- Exercise requirements
In how many lines of the listing does the word "proof" appear? Reply with the number only.

--- Extracted data Enclosed Below ---

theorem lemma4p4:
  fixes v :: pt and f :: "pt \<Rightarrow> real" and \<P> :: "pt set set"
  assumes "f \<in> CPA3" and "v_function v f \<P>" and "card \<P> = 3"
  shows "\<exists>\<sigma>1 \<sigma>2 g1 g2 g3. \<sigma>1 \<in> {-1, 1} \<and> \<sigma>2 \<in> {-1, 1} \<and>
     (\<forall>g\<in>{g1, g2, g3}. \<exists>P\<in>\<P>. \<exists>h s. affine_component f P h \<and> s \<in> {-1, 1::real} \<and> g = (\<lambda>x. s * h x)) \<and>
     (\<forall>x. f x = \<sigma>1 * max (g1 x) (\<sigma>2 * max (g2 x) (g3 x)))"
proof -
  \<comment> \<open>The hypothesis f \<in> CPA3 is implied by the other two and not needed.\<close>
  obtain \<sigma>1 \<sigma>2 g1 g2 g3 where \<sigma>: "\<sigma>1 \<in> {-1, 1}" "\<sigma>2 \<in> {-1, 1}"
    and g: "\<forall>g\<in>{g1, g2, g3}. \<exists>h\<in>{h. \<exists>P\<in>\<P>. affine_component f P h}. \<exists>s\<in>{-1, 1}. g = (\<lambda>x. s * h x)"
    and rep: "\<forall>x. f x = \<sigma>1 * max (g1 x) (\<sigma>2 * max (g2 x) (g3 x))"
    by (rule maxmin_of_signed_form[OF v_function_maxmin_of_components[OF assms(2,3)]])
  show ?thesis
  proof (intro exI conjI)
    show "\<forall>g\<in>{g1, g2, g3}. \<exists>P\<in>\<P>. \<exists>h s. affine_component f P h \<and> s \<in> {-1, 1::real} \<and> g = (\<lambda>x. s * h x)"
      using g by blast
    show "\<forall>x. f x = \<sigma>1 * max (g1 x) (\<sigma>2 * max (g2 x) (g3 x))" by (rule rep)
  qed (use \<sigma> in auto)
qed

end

--- End of Enclosed Extracted data ---
--- Extracted data Enclosed Below ---

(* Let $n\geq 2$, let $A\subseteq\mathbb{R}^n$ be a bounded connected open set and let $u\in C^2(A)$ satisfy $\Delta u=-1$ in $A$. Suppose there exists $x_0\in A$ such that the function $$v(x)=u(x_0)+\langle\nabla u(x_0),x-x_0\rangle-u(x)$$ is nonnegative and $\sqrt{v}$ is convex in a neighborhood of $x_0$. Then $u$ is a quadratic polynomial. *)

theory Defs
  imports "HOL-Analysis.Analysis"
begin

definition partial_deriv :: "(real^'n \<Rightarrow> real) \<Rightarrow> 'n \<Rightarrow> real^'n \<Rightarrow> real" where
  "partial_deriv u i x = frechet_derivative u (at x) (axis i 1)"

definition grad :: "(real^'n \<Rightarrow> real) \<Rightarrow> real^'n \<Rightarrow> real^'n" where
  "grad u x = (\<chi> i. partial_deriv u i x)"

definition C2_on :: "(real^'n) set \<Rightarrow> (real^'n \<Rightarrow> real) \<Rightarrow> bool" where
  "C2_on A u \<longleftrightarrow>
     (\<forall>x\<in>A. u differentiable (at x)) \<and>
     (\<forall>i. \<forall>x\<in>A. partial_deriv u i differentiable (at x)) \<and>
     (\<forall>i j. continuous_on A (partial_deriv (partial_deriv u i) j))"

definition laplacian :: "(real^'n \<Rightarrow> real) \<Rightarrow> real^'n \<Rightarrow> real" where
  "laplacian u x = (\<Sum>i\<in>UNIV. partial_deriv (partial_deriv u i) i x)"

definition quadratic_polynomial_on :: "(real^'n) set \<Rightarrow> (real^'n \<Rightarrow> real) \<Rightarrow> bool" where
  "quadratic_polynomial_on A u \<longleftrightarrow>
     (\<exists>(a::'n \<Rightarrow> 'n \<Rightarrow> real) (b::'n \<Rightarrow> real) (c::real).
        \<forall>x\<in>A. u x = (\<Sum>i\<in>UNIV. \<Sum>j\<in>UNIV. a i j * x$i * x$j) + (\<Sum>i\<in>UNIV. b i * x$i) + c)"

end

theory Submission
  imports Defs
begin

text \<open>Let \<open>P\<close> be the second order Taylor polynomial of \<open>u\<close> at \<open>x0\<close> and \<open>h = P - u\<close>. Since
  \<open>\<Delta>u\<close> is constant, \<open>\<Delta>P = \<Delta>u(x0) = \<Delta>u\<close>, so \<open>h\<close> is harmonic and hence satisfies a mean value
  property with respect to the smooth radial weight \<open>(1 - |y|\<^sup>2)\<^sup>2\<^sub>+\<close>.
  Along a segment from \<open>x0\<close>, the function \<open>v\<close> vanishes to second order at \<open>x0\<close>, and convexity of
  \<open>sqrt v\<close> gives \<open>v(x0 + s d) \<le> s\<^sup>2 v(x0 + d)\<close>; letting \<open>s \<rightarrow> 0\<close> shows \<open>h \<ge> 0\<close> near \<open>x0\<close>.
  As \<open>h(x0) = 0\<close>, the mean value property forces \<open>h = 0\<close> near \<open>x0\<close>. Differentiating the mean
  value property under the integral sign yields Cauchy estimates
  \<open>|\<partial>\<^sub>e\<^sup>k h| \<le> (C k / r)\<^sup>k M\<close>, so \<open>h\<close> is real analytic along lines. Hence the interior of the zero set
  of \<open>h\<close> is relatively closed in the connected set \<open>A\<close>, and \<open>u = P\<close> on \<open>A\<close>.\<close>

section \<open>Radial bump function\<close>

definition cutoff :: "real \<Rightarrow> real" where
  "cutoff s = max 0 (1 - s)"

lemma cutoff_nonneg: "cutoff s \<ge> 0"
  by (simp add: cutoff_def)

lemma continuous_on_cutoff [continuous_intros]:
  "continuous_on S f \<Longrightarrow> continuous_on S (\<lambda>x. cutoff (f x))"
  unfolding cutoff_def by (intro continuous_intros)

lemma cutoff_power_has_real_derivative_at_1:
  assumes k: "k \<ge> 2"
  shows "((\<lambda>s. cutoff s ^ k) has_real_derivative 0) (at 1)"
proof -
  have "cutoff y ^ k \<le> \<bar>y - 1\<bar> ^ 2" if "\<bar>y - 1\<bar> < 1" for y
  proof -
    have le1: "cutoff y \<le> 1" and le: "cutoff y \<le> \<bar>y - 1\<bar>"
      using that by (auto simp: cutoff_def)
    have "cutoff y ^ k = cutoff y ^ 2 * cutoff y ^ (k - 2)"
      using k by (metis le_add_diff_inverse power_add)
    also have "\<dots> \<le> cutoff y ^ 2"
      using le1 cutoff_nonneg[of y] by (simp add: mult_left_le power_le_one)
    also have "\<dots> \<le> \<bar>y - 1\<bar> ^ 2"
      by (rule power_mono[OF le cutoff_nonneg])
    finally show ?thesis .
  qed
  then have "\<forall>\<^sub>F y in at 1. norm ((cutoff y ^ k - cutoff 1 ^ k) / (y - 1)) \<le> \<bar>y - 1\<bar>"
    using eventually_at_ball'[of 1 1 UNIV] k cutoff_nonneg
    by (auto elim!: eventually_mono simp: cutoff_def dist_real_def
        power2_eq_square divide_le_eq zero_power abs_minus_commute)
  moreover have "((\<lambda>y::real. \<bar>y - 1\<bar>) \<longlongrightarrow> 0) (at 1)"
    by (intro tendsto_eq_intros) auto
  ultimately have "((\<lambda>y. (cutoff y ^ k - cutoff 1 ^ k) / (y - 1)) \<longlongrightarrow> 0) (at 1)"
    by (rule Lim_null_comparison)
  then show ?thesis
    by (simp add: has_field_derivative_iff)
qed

--- End of Enclosed Extracted data ---
--- Extracted data Enclosed Below ---

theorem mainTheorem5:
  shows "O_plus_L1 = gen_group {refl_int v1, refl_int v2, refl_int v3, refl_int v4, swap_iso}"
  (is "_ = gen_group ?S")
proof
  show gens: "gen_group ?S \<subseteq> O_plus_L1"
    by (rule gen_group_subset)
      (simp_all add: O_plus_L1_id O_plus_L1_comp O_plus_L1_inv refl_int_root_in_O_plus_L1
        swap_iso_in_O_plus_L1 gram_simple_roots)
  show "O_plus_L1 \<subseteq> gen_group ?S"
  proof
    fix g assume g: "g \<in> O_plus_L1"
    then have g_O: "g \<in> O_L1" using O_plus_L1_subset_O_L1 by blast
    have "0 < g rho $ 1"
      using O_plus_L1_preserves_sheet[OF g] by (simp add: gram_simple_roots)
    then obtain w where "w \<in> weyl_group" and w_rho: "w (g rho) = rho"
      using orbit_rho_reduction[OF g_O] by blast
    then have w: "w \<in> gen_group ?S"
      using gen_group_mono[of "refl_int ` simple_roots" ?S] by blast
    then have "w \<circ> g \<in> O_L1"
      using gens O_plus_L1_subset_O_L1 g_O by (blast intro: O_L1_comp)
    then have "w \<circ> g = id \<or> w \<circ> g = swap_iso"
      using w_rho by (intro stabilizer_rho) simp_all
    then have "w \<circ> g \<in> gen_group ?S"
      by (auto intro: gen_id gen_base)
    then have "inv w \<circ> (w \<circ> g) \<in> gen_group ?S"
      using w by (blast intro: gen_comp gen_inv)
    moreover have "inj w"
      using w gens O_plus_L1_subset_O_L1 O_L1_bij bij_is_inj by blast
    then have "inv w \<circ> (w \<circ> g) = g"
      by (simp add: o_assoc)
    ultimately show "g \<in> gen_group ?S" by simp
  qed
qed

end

--- End of Enclosed Extracted data ---

- Response to the task
6